- [Stored items]:
[Start of section]

lemma has_negative_subspaceI:
  fixes I :: "nat set" and X :: "nat \<Rightarrow> 'a \<Rightarrow> complex"
  assumes "finite I" "card I = p"
    "\<And>c. \<exists>k\<in>I. c k \<noteq> 0 \<Longrightarrow> Re (kernel_form K S (\<lambda>z. \<Sum>k\<in>I. c k * X k z)) < 0"
  shows "has_negative_subspace K S p"
  unfolding has_negative_subspace_def using assms by blast

lemma has_negative_subspaceE:
  assumes "has_negative_subspace K S p"
  obtains I :: "nat set" and X :: "nat \<Rightarrow> 'a \<Rightarrow> complex" where "finite I" "card I = p"
    "\<And>c. \<exists>k\<in>I. c k \<noteq> 0 \<Longrightarrow> Re (kernel_form K S (\<lambda>z. \<Sum>k\<in>I. c k * X k z)) < 0"
  using assms unfolding has_negative_subspace_def by blast

lemma kernel_form_cong:
  "(\<And>z w. z \<in> S \<Longrightarrow> w \<in> S \<Longrightarrow> K z w = K' z w) \<Longrightarrow> (\<And>z. z \<in> S \<Longrightarrow> y z = y' z) \<Longrightarrow>
    kernel_form K S y = kernel_form K' S y'"
  unfolding kernel_form_def by (intro sum.cong refl) auto

lemma kernel_form_vanishing_outside:
  assumes "finite S" "T \<subseteq> S" "\<And>z. z \<in> S - T \<Longrightarrow> y z = 0"
  shows "kernel_form K S y = kernel_form K T y"
proof -
  have "kernel_form K S y = (\<Sum>z\<in>S. \<Sum>w\<in>T. cnj (y z) * K z w * y w)"
    unfolding kernel_form_def using assms by (intro sum.cong refl sum.mono_neutral_right) auto
  also have "\<dots> = kernel_form K T y"
    unfolding kernel_form_def using assms by (intro sum.mono_neutral_right) auto
  finally show ?thesis .
qed

lemma has_negative_subspace_kernel_cong:
  assumes "\<And>z w. z \<in> S \<Longrightarrow> w \<in> S \<Longrightarrow> K z w = K' z w"
  shows "has_negative_subspace K S p \<longleftrightarrow> has_negative_subspace K' S p"
proof -
  have "kernel_form K S y = kernel_form K' S y" for y by (rule kernel_form_cong[OF assms refl])
  then show ?thesis unfolding has_negative_subspace_def by simp
qed

lemma has_negative_subspace_le:
  assumes "has_negative_subspace K S p" "q \<le> p"
  shows "has_negative_subspace K S q"
proof -
  obtain I :: "nat set" and X where I: "finite I" "card I = p"
    and neg: "\<And>c. \<exists>k\<in>I. c k \<noteq> 0 \<Longrightarrow> Re (kernel_form K S (\<lambda>z. \<Sum>k\<in>I. c k * X k z)) < 0"
    using assms(1) by (rule has_negative_subspaceE) blast
  obtain J where J: "J \<subseteq> I" "card J = q"
    using obtain_subset_with_card_n[of q I] assms(2) I by auto
  show ?thesis
  proof (rule has_negative_subspaceI[where I = J and X = X])
    fix c :: "nat \<Rightarrow> complex" assume c: "\<exists>k\<in>J. c k \<noteq> 0"
    let ?c = "\<lambda>k. if k \<in> J then c k else 0"
    have "(\<Sum>k\<in>I. ?c k * X k z) = (\<Sum>k\<in>J. c k * X k z)" for z
      using I J by (intro sum.mono_neutral_cong_right) auto
    moreover have "\<exists>k\<in>I. ?c k \<noteq> 0" using c J by auto
    ultimately show "Re (kernel_form K S (\<lambda>z. \<Sum>k\<in>J. c k * X k z)) < 0"
      using neg[of ?c] by simp
  qed (use I J finite_subset in auto)
qed

lemma has_negative_subspace_mono:
  assumes "has_negative_subspace K T p" "finite S" "T \<subseteq> S"
  shows "has_negative_subspace K S p"
proof -
  obtain I :: "nat set" and X where I: "finite I" "card I = p"
    and neg: "\<And>c. \<exists>k\<in>I. c k \<noteq> 0 \<Longrightarrow> Re (kernel_form K T (\<lambda>z. \<Sum>k\<in>I. c k * X k z)) < 0"
    using assms(1) by (rule has_negative_subspaceE) blast
  let ?X = "\<lambda>k z. if z \<in> T then X k z else 0"
  show ?thesis
  proof (rule has_negative_subspaceI[OF I, where X = ?X])
    fix c :: "nat \<Rightarrow> complex" assume "\<exists>k\<in>I. c k \<noteq> 0"
    moreover have "kernel_form K S (\<lambda>z. \<Sum>k\<in>I. c k * ?X k z) = kernel_form K T (\<lambda>z. \<Sum>k\<in>I. c k * X k z)"
      using assms(2,3) by (subst kernel_form_vanishing_outside[of S T]) (auto intro: kernel_form_cong)
    ultimately show "Re (kernel_form K S (\<lambda>z. \<Sum>k\<in>I. c k * ?X k z)) < 0" using neg by simp
  qed
qed

lemma has_negative_subspace_remove_point:
  assumes "has_negative_subspace K S p" "finite S"
  shows "has_negative_subspace K (S - {z0}) (p - 1)"
proof -
  obtain I :: "nat set" and X where I: "finite I" "card I = p"
    and neg: "\<And>c. \<exists>k\<in>I. c k \<noteq> 0 \<Longrightarrow> Re (kernel_form K S (\<lambda>z. \<Sum>k\<in>I. c k * X k z)) < 0"
    using assms(1) by (rule has_negative_subspaceE) blast
  have restrict: "kernel_form K S y = kernel_form K (S - {z0}) y" if "y z0 = 0" for y
    using assms(2) that by (intro kernel_form_vanishing_outside) auto
  show ?thesis
  proof (cases "\<forall>k\<in>I. X k z0 = 0")
    case True
    have "has_negative_subspace K (S - {z0}) p"
      by (rule has_negative_subspaceI[OF I, where X = X]) (use True neg restrict in auto)
    then show ?thesis by (rule has_negative_subspace_le) simp
  next
    case False
    then obtain k0 where k0: "k0 \<in> I" "X k0 z0 \<noteq> 0" by blast
    \<comment> \<open>Subtracting multiples of \<open>X k0\<close> makes the other generators vanish at \<open>z0\<close>; their
      nontrivial combinations are still nontrivial combinations of the original ones.\<close>
    define X' where "X' = (\<lambda>k z. X k z - X k z0 / X k0 z0 * X k0 z)"
    show ?thesis
    proof (rule has_negative_subspaceI[where I = "I - {k0}" and X = X'])
      fix c' :: "nat \<Rightarrow> complex" assume c': "\<exists>k\<in>I - {k0}. c' k \<noteq> 0"
      define c where "c = c'(k0 := - (\<Sum>k\<in>I - {k0}. c' k * X k z0) / X k0 z0)"
      have comb: "(\<Sum>k\<in>I - {k0}. c' k * X' k z) = (\<Sum>k\<in>I. c k * X k z)" for z
      proof -
        have "(\<Sum>k\<in>I. c k * X k z) = c k0 * X k0 z + (\<Sum>k\<in>I - {k0}. c' k * X k z)"
          using I(1) k0(1) by (simp add: sum.remove c_def)
        then show ?thesis
          by (simp add: X'_def c_def algebra_simps sum_subtractf sum_distrib_left sum_divide_distrib)
      qed
      have "(\<Sum>k\<in>I - {k0}. c' k * X' k z0) = 0" using k0(2) by (simp add: X'_def)
      then have "kernel_form K (S - {z0}) (\<lambda>z. \<Sum>k\<in>I - {k0}. c' k * X' k z)
          = kernel_form K S (\<lambda>z. \<Sum>k\<in>I. c k * X k z)"
        by (simp add: restrict comb)
      moreover have "\<exists>k\<in>I. c k \<noteq> 0" using c' by (auto simp: c_def)
      ultimately show "Re (kernel_form K (S - {z0}) (\<lambda>z. \<Sum>k\<in>I - {k0}. c' k * X' k z)) < 0"
        using neg by simp
    qed (use I k0 in auto)
  qed
qed

lemma has_negative_subspace_restrict:
  assumes "has_negative_subspace K S p" "finite S" "T \<subseteq> S"
  shows "has_negative_subspace K T (p - card (S - T))"
  using assms
proof (induction "card (S - T)" arbitrary: S p)
  case 0
  then have "S = T" by auto
  with 0 show ?case by simp
next
  case (Suc m)
  then have "S - T \<noteq> {}" by (metis card.empty nat.distinct(1))
  then obtain z0 where z0: "z0 \<in> S - T" by blast
  have "has_negative_subspace K (S - {z0}) (p - 1)"
    using has_negative_subspace_remove_point[OF Suc.prems(1,2)] .
  moreover have "S - {z0} - T = (S - T) - {z0}" by blast
  then have "m = card (S - {z0} - T)"
    using Suc.hyps(2) z0 Suc.prems(2) by (simp add: card_Diff_singleton)
  ultimately have "has_negative_subspace K T (p - 1 - m)"
    using Suc.hyps(1) Suc.prems(2,3) z0 by blast
  then show ?case by (simp flip: Suc.hyps(2))
qed

lemma kernel_form_reindex:
  "inj_on f A \<Longrightarrow> kernel_form K (f ` A) y = kernel_form (\<lambda>a b. K (f a) (f b)) A (\<lambda>a. y (f a))"
  unfolding kernel_form_def by (simp add: sum.reindex)

lemma has_negative_subspace_reindex:
  assumes f: "inj_on f A"
  shows "has_negative_subspace K (f ` A) p \<longleftrightarrow> has_negative_subspace (\<lambda>a b. K (f a) (f b)) A p"
proof
  assume "has_negative_subspace K (f ` A) p"
  then obtain I :: "nat set" and X where I: "finite I" "card I = p"
    and neg: "\<And>c. \<exists>k\<in>I. c k \<noteq> 0 \<Longrightarrow> Re (kernel_form K (f ` A) (\<lambda>z. \<Sum>k\<in>I. c k * X k z)) < 0"
    by (rule has_negative_subspaceE) blast
  show "has_negative_subspace (\<lambda>a b. K (f a) (f b)) A p"
  proof (rule has_negative_subspaceI[OF I, where X = "\<lambda>k a. X k (f a)"])
    fix c :: "nat \<Rightarrow> complex" assume "\<exists>k\<in>I. c k \<noteq> 0"
    then have "Re (kernel_form K (f ` A) (\<lambda>z. \<Sum>k\<in>I. c k * X k z)) < 0" by (rule neg)
    then show "Re (kernel_form (\<lambda>a b. K (f a) (f b)) A (\<lambda>a. \<Sum>k\<in>I. c k * X k (f a))) < 0"
      unfolding kernel_form_reindex[OF f] .
  qed
next
  assume "has_negative_subspace (\<lambda>a b. K (f a) (f b)) A p"
  then obtain I :: "nat set" and X where I: "finite I" "card I = p"
    and neg: "\<And>c. \<exists>k\<in>I. c k \<noteq> 0 \<Longrightarrow>
      Re (kernel_form (\<lambda>a b. K (f a) (f b)) A (\<lambda>a. \<Sum>k\<in>I. c k * X k a)) < 0"
    by (rule has_negative_subspaceE) blast
  show "has_negative_subspace K (f ` A) p"
  proof (rule has_negative_subspaceI[OF I, where X = "\<lambda>k z. X k (inv_into A f z)"])
    fix c :: "nat \<Rightarrow> complex" assume "\<exists>k\<in>I. c k \<noteq> 0"
    moreover have "kernel_form K (f ` A) (\<lambda>z. \<Sum>k\<in>I. c k * X k (inv_into A f z))
        = kernel_form (\<lambda>a b. K (f a) (f b)) A (\<lambda>a. \<Sum>k\<in>I. c k * X k a)"
      unfolding kernel_form_reindex[OF f] using f by (intro kernel_form_cong) auto
    ultimately show "Re (kernel_form K (f ` A) (\<lambda>z. \<Sum>k\<in>I. c k * X k (inv_into A f z))) < 0"
      using neg by simp
  qed
qed

lemma Re_kernel_form_unitary_diag:
  assumes U: "U \<in> carrier_mat n n"
    and A: "A = U * mat_diag n (\<lambda>i. complex_of_real (d i)) * mat_adjoint U"
  shows "Re (kernel_form (\<lambda>i j. A $$ (i,j)) {..<n} y)
    = (\<Sum>k<n. d k * (cmod (\<Sum>j<n. cnj (U $$ (j,k)) * y j))\<^sup>2)"
proof -
  let ?u = "\<lambda>k. \<Sum>j<n. cnj (U $$ (j,k)) * y j"
  have entry: "A $$ (i,j) = (\<Sum>k<n. U $$ (i,k) * complex_of_real (d k) * cnj (U $$ (j,k)))"
    if "i < n" "j < n" for i j
    unfolding A mat_diag_mult_right[OF U]
    using that U by (subst index_mult_mat_sum[of _ n n]) auto
  have "kernel_form (\<lambda>i j. A $$ (i,j)) {..<n} y
      = (\<Sum>i<n. \<Sum>j<n. \<Sum>k<n. cnj (y i) * U $$ (i,k) * complex_of_real (d k) * cnj (U $$ (j,k)) * y j)"
    unfolding kernel_form_def
    by (intro sum.cong refl) (simp add: entry sum_distrib_left sum_distrib_right mult_ac)
  also have "\<dots> = (\<Sum>k<n. \<Sum>i<n. \<Sum>j<n. cnj (y i) * U $$ (i,k) * complex_of_real (d k) * cnj (U $$ (j,k)) * y j)"
    by (subst sum.swap) (intro sum.cong refl sum.swap)
  also have "\<dots> = (\<Sum>k<n. complex_of_real (d k) * cnj (?u k) * ?u k)"
  proof (rule sum.cong[OF refl])
    fix k
    have "cnj (?u k) = (\<Sum>i<n. cnj (y i) * U $$ (i,k))" by (simp add: mult.commute)
    then have "cnj (?u k) * ?u k = (\<Sum>i<n. \<Sum>j<n. cnj (y i) * U $$ (i,k) * (cnj (U $$ (j,k)) * y j))"
      by (simp only: sum_product)
    then have "complex_of_real (d k) * cnj (?u k) * ?u k = complex_of_real (d k) *
        (\<Sum>i<n. \<Sum>j<n. cnj (y i) * U $$ (i,k) * (cnj (U $$ (j,k)) * y j))"
      by (simp only: mult.assoc[of "complex_of_real (d k)"])
    also have "\<dots> = (\<Sum>i<n. \<Sum>j<n.
        complex_of_real (d k) * (cnj (y i) * U $$ (i,k) * (cnj (U $$ (j,k)) * y j)))"
      by (simp only: sum_distrib_left)
    finally have "complex_of_real (d k) * cnj (?u k) * ?u k = \<dots>" .
    then show "(\<Sum>i<n. \<Sum>j<n. cnj (y i) * U $$ (i,k) * complex_of_real (d k) * cnj (U $$ (j,k)) * y j)
        = complex_of_real (d k) * cnj (?u k) * ?u k"
      by (simp add: mult_ac)
  qed
  also have "\<dots> = complex_of_real (\<Sum>k<n. d k * (cmod (?u k))\<^sup>2)"
    unfolding of_real_sum of_real_mult complex_norm_square
    by (intro sum.cong refl) (simp only: mult.assoc mult.commute[of "cnj _"])
  finally show ?thesis by simp
qed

[End of section]

- [The task]:
Copy every line from the records above that contains the string "assoc".

- [Task result]:
      by (simp only: mult.assoc[of "complex_of_real (d k)"])
    by (intro sum.cong refl) (simp only: mult.assoc mult.commute[of "cnj _"])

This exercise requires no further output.